The Commissioner Of Income Taxiv, ... vs M/S Nava Bharat Ventures Ltd., ... on 18 June, 2025

Author: P.Sam Koshy

Bench: P.Sam Koshy

      THE HON'BLE SRI JUSTICE P.SAM KOSHY
                       AND
 THE HON'BLE SRI JUSTICE NARSING RAO NANDIKONDA

       INCOME TAX TRIBUNAL APPEAL NO.251 OF 2014

JUDGMENT:

(per Hon'ble Sri Justice Narsing Rao Nandikonda) This appeal has been filed under Section 260A of the Income Tax Act, 1961 (for short, 'the Act, 1961') aggrieved by the order, dated 20.07.2012 in ITA No.1095/Hyd/2009, dated 20.07.2012, passed by the Income-Tax Appellate Tribunal, Bench 'B', Hyderabad, (for short, 'the Tribunal') for the Assessment Year 2006-2007.

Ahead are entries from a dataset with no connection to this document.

(* Let $G$ be a finite group. The monoid $(\mathsf{Sym}_{G,0}/\sim)$ of stable equivalence classes of $0$-dimensional locality preserving symmetries is a group, and there is a group isomorphism $\Omega:(\mathsf{Sym}_{G,0}/\sim)\to H^2(G,U(1))$.
   Context: A $0$-dimensional spin system is a single site: $\mathcal A=\mathcal B(\mathcal H)$ for a finite-dimensional Hilbert space $\mathcal H$. A $0$-dimensional locality preserving symmetry (LPS) $(\beta,\mathcal A)$ is a group homomorphism $\beta:G\to\mathrm{Aut}(\mathcal A)$ (equivalently $\beta_g=\mathrm{Ad}(U(g))$ for a projective unitary representation $U$). An on-site symmetry is one with $\beta_g=\mathrm{Ad}(U(g))$ for a linear unitary representation $U$. Two LPSs $(\beta,\mathcal A),(\beta',\mathcal A)$ are equivalent if $\beta'_g=\gamma^{-1}\circ\beta_g\circ\gamma$ for all $g$ for some FDQC $\gamma$ (in $0$ dimensions: an inner automorphism $\mathrm{Ad}(V)$). $(\beta,\mathcal A)$ and $(\beta',\mathcal A')$ are stably equivalent ($\sim$) if there exist on-site symmetries $(\delta,\tilde{\mathcal A}),(\delta',\tilde{\mathcal A}')$ such that $(\beta\otimes\delta,\mathcal A\otimes\tilde{\mathcal A})$ and $(\beta'\otimes\delta',\mathcal A'\otimes\tilde{\mathcal A}')$ are equivalent (in particular $\mathcal A\otimes\tilde{\mathcal A}\cong\mathcal A'\otimes\tilde{\mathcal A}'$). $\mathsf{Sym}_{G,0}$ is the set of $0$-dimensional LPSs, a monoid under stacking $(\beta\otimes\beta',\mathcal A\otimes\mathcal A')$. $H^2(G,U(1))$ is group cohomology with trivial action. *)

theory Defs
  imports "HOL-Algebra.Coset" "Jordan_Normal_Form.Matrix"
begin

definition adj :: "complex mat \<Rightarrow> complex mat" where
  "adj A = mat (dim_col A) (dim_row A) (\<lambda>(i,j). cnj (A $$ (j,i)))"

definition unitary_mat :: "nat \<Rightarrow> complex mat \<Rightarrow> bool" where
  "unitary_mat n U \<longleftrightarrow> U \<in> carrier_mat n n \<and> U * adj U = 1\<^sub>m n \<and> adj U * U = 1\<^sub>m n"

definition Ad :: "complex mat \<Rightarrow> complex mat \<Rightarrow> complex mat" where
  "Ad U X = U * X * adj U"

definition star_aut :: "nat \<Rightarrow> (complex mat \<Rightarrow> complex mat) \<Rightarrow> bool" where
  "star_aut n f \<longleftrightarrow>
     bij_betw f (carrier_mat n n) (carrier_mat n n) \<and>
     (\<forall>A\<in>carrier_mat n n. \<forall>B\<in>carrier_mat n n.
        f (A + B) = f A + f B \<and> f (A * B) = f A * f B) \<and>
     (\<forall>c. \<forall>A\<in>carrier_mat n n. f (c \<cdot>\<^sub>m A) = c \<cdot>\<^sub>m f A) \<and>
     (\<forall>A\<in>carrier_mat n n. f (adj A) = adj (f A))"

text \<open>A 0-dimensional LPS is a pair (n, beta): the single site algebra is M_n(C) = B(C^n), n>0,
  and beta is a group homomorphism from G to Aut(M_n(C)) (only its values on carrier G and on
  carrier_mat n n are relevant).\<close>
type_synonym 'g lps = "nat \<times> ('g \<Rightarrow> complex mat \<Rightarrow> complex mat)"

definition is_lps :: "('g, 'b) monoid_scheme \<Rightarrow> 'g lps \<Rightarrow> bool" where
  "is_lps G s \<longleftrightarrow> (case s of (n, \<beta>) \<Rightarrow>
      0 < n \<and>
      (\<forall>g\<in>carrier G. star_aut n (\<beta> g)) \<and>
      (\<forall>g\<in>carrier G. \<forall>h\<in>carrier G. \<forall>X\<in>carrier_mat n n.
          \<beta> (g \<otimes>\<^bsub>G\<^esub> h) X = \<beta> g (\<beta> h X)) \<and>
      (\<forall>X\<in>carrier_mat n n. \<beta> \<one>\<^bsub>G\<^esub> X = X))"

definition Sym0 :: "('g, 'b) monoid_scheme \<Rightarrow> 'g lps set" where
  "Sym0 G = {s. is_lps G s}"

definition on_site :: "('g, 'b) monoid_scheme \<Rightarrow> 'g lps \<Rightarrow> bool" where
  "on_site G s \<longleftrightarrow> is_lps G s \<and> (case s of (n, \<beta>) \<Rightarrow>
      (\<exists>U. (\<forall>g\<in>carrier G. unitary_mat n (U g)) \<and>
           (\<forall>g\<in>carrier G. \<forall>h\<in>carrier G. U (g \<otimes>\<^bsub>G\<^esub> h) = U g * U h) \<and>
           U \<one>\<^bsub>G\<^esub> = 1\<^sub>m n \<and>
           (\<forall>g\<in>carrier G. \<forall>X\<in>carrier_mat n n. \<beta> g X = Ad (U g) X)))"

definition munit :: "nat \<Rightarrow> nat \<Rightarrow> nat \<Rightarrow> complex mat" where
  "munit n i j = mat n n (\<lambda>(p,q). if p = i \<and> q = j then 1 else 0)"

text \<open>Tensor product of linear maps on M_n and M_m as a map on M_(n*m) = M_n \<otimes> M_m
  (Kronecker convention: index (i,k) \<mapsto> i*m+k), defined on matrix units and extended linearly:
  (f \<otimes> f')(\<Sum> x_{(i,k),(j,l)} E_ij \<otimes> E_kl) = \<Sum> x_{(i,k),(j,l)} f(E_ij) \<otimes> f'(E_kl).\<close>
definition tensor_map :: "nat \<Rightarrow> (complex mat \<Rightarrow> complex mat) \<Rightarrow> nat \<Rightarrow> (complex mat \<Rightarrow> complex mat)
    \<Rightarrow> complex mat \<Rightarrow> complex mat" where
  "tensor_map n f m f' X = mat (n*m) (n*m) (\<lambda>(p,q).
     \<Sum>i<n. \<Sum>j<n. \<Sum>k<m. \<Sum>l<m.
       X $$ (i*m+k, j*m+l) * (f (munit n i j)) $$ (p div m, q div m)
                           * (f' (munit m k l)) $$ (p mod m, q mod m))"

definition stack :: "'g lps \<Rightarrow> 'g lps \<Rightarrow> 'g lps" where
  "stack s t = (case s of (n, \<beta>) \<Rightarrow> case t of (m, \<beta>') \<Rightarrow>
      (n*m, \<lambda>g. tensor_map n (\<beta> g) m (\<beta>' g)))"

text \<open>Equivalence on the same algebra: beta'_g = gamma^-1 o beta_g o gamma with gamma = Ad(V)
  an inner automorphism (a 0-dimensional FDQC).\<close>
definition lps_equiv :: "('g, 'b) monoid_scheme \<Rightarrow> 'g lps \<Rightarrow> 'g lps \<Rightarrow> bool" where
  "lps_equiv G s t \<longleftrightarrow> (case s of (n, \<beta>) \<Rightarrow> case t of (n', \<beta>') \<Rightarrow>
      n = n' \<and> (\<exists>V. unitary_mat n V \<and>
        (\<forall>g\<in>carrier G. \<forall>X\<in>carrier_mat n n. \<beta>' g X = Ad (adj V) (\<beta> g (Ad V X)))))"

definition stably_equiv :: "('g, 'b) monoid_scheme \<Rightarrow> 'g lps \<Rightarrow> 'g lps \<Rightarrow> bool" where
  "stably_equiv G s t \<longleftrightarrow> is_lps G s \<and> is_lps G t \<and>
     (\<exists>d d'. on_site G d \<and> on_site G d' \<and> lps_equiv G (stack s d) (stack t d'))"

definition stab_rel :: "('g, 'b) monoid_scheme \<Rightarrow> ('g lps \<times> 'g lps) set" where
  "stab_rel G = {(s, t). stably_equiv G s t}"

definition SymQ :: "('g, 'b) monoid_scheme \<Rightarrow> 'g lps set monoid" where
  "SymQ G = \<lparr> partial_object.carrier = Sym0 G // stab_rel G,
             monoid.mult = (\<lambda>X Y. stab_rel G `` {stack (SOME s. s \<in> X) (SOME t. t \<in> Y)}),
             monoid.one = stab_rel G `` {(1, \<lambda>g A. A)} \<rparr>"

text \<open>Normalised to the value 1 outside carrier G \<times> carrier G so that the cochains form a set.\<close>
definition cocycles2 :: "('g, 'b) monoid_scheme \<Rightarrow> ('g \<times> 'g \<Rightarrow> complex) set" where
  "cocycles2 G = {\<omega>.
     (\<forall>g\<in>carrier G. \<forall>h\<in>carrier G. cmod (\<omega> (g,h)) = 1) \<and>
     (\<forall>x. x \<notin> carrier G \<times> carrier G \<longrightarrow> \<omega> x = 1) \<and>
     (\<forall>g\<in>carrier G. \<forall>h\<in>carrier G. \<forall>k\<in>carrier G.
        \<omega> (g,h) * \<omega> (g \<otimes>\<^bsub>G\<^esub> h, k) = \<omega> (h,k) * \<omega> (g, h \<otimes>\<^bsub>G\<^esub> k))}"

definition coboundaries2 :: "('g, 'b) monoid_scheme \<Rightarrow> ('g \<times> 'g \<Rightarrow> complex) set" where
  "coboundaries2 G = {\<omega>. \<exists>\<mu>. (\<forall>g\<in>carrier G. cmod (\<mu> g) = 1) \<and>
     (\<forall>g\<in>carrier G. \<forall>h\<in>carrier G. \<omega> (g,h) = \<mu> g * \<mu> h / \<mu> (g \<otimes>\<^bsub>G\<^esub> h)) \<and>
     (\<forall>x. x \<notin> carrier G \<times> carrier G \<longrightarrow> \<omega> x = 1)}"

definition Z2 :: "('g, 'b) monoid_scheme \<Rightarrow> ('g \<times> 'g \<Rightarrow> complex) monoid" where
  "Z2 G = \<lparr> partial_object.carrier = cocycles2 G, monoid.mult = (\<lambda>a b x. a x * b x), monoid.one = (\<lambda>_. 1) \<rparr>"

definition H2 :: "('g, 'b) monoid_scheme \<Rightarrow> ('g \<times> 'g \<Rightarrow> complex) set monoid" where
  "H2 G = Z2 G Mod coboundaries2 G"

end

theory Submission
  imports Defs "Jordan_Normal_Form.Determinant"
begin

text \<open>By the unitary Skolem--Noether theorem every \<open>\<beta>\<^sub>g\<close> is \<open>Ad(U\<^sub>g)\<close> for a unitary
  \<open>U\<^sub>g\<close> that is unique up to a phase, so \<open>U\<^sub>g U\<^sub>h = \<omega>(g, h) U\<^sub>g\<^sub>h\<close> defines a class
  \<open>\<Omega>(\<beta>) = [\<omega>] \<in> H\<^sup>2(G, U(1))\<close>. Stacking tensors the lifts and multiplies the cocycles, while
  on-site symmetries (cocycle \<open>1\<close>) and conjugation by a unitary do not change the class; hence
  \<open>\<Omega>\<close> is a well-defined monoid homomorphism on \<open>Sym\<^sub>G\<^sub>,\<^sub>0/\<sim>\<close>. It is injective by Fell
  absorption: if \<open>U\<close> has cocycle \<open>\<omega>\<close> and \<open>L\<close> is the left regular representation, then
  \<open>U \<otimes> L\<close> is conjugate to \<open>1 \<otimes> L\<^sub>\<omega>\<close> with \<open>L\<^sub>\<omega>\<close> the \<open>\<omega>\<close>-twisted regular representation,
  so two symmetries with cohomologous cocycles become equivalent after stacking with the
  on-site symmetry \<open>Ad(1 \<otimes> L)\<close>. It is surjective because \<open>Ad(L\<^sub>\<omega>)\<close> has class \<open>[\<omega>]\<close>. A bijective
  homomorphism onto the group \<open>H\<^sup>2(G, U(1))\<close> forces \<open>Sym\<^sub>G\<^sub>,\<^sub>0/\<sim>\<close> to be a group.\<close>

section \<open>Adjoints, unitary matrices and inner automorphisms\<close>

lemma adj_dim [simp]: "dim_row (adj A) = dim_col A" "dim_col (adj A) = dim_row A"
  by (simp_all add: adj_def)

lemma adj_index [simp]: "i < dim_col A \<Longrightarrow> j < dim_row A \<Longrightarrow> adj A $$ (i, j) = cnj (A $$ (j, i))"
  by (simp add: adj_def)

lemma adj_carrier_mat [simp, intro]: "A \<in> carrier_mat n m \<Longrightarrow> adj A \<in> carrier_mat m n"
  by (intro carrier_matI) auto

lemma index_mult_mat_sum [simp]:
  "i < dim_row A \<Longrightarrow> j < dim_col B \<Longrightarrow> dim_col A = dim_row B \<Longrightarrow>
    (A * B) $$ (i, j) = (\<Sum>l<dim_row B. A $$ (i, l) * B $$ (l, j))"
  by (auto simp: scalar_prod_def lessThan_atLeast0 intro!: sum.cong)

declare index_mult_mat(1) [simp del]

text \<open>Square instances: with all dimensions tied to one \<open>n\<close>, the simplifier can discharge the
  carrier premises, which it cannot do when an inner dimension is left schematic.\<close>

lemmas mult_carrier_mat_square [simp] = mult_carrier_mat[of _ n n _ n for n]
lemmas assoc_mult_mat_square = assoc_mult_mat[of _ n n _ n _ n for n]
lemmas mult_smult_assoc_mat_square = mult_smult_assoc_mat[of _ n n _ n for n]
lemmas mult_smult_distrib_square = mult_smult_distrib[of _ n n _ n for n]

lemma index_mult_mat_carrier:
  "A \<in> carrier_mat n k \<Longrightarrow> B \<in> carrier_mat k m \<Longrightarrow> i < n \<Longrightarrow> j < m \<Longrightarrow>
    (A * B) $$ (i, j) = (\<Sum>l<k. A $$ (i, l) * B $$ (l, j))"
  by simp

2. Brief facts of the case are that the assessee is a limited company engaged in the business of manufacture of Ferro alloys, sugar, fabrication of equipment and generation of power. For the Assessment Year 2006-2007, the assessee filed its returnliss showing income of Rs.1,71,89,000/- and in the said returns, the assessee has claimed deduction of Rs.44,91,17,391/- under Section 80-IA of the Act, 1961 in respect of profits from power generation units of different Villages. In support of deduction, the assesse has filed Form No.10 CCB, dated 27.11.2006, for each unit. During the assessment proceedings by the Assessing Officer, the assessee 2 PSKJ & NNRJ Itta_251_2014 claimed 100% deduction under Section 80-IA of the Act, 1961, under which the parties can claim only for captive consumption and not for sale of power to any outside party. In the Assessment Order for the Assessment Years 2004-2005 and 2005-06, the claim of deduction under Section 80-IA of the Act, 1961 was disallowed as assessee is not eligible for deduction under Section 80-IA of the Act, 1961 to a tune of Rs.37,34,55,899/- in respect of captive power plants for this assessment year. Further, the Assessing Officer has restricted the deduction claimed by the assessee under Section 80-IA of the Act, 1961 from Rs.44,92,04,891/- to Rs.7,57,48,992/- by invoking the provisions of Section 80-IA(8) and Section 80- IA(10) of the Act, 1961 and also observed that the Power Plants, which were set up are only for Captive Consumption and that the APSEB has granted sanction only for the purpose of Captive Consumption. Since the main objective for setting up of power plant is for Captive Consumption, the Assessing Officer disallowed the entire claim of deduction under Section 80-IA of the Act, 1961. Aggrieved by the order of the Assessing Officer, the assessee preferred an appeal before the Commissioner of Income Tax (Appeals)-V, Hyderabad. The CIT(A) vide order 3 PSKJ & NNRJ Itta_251_2014 dated 24.08.2009 in ITA No.0169/DC-16(1)/CIT(A)-V/2008-09, keeping in view the decision of the Hon'ble jurisdictional High Court held that it would be just and fair to adopt the prevailing rate of Rs.2.12 per unit which was adopted in the preceding year, and thus directed to compute the sale proceeds arising from consumption of power in own units. Aggrieved by the said order of the CIT (A), the Department as well as the assessee preferred appeals before the learned Income Tax Appellate Tribunal (ITAT).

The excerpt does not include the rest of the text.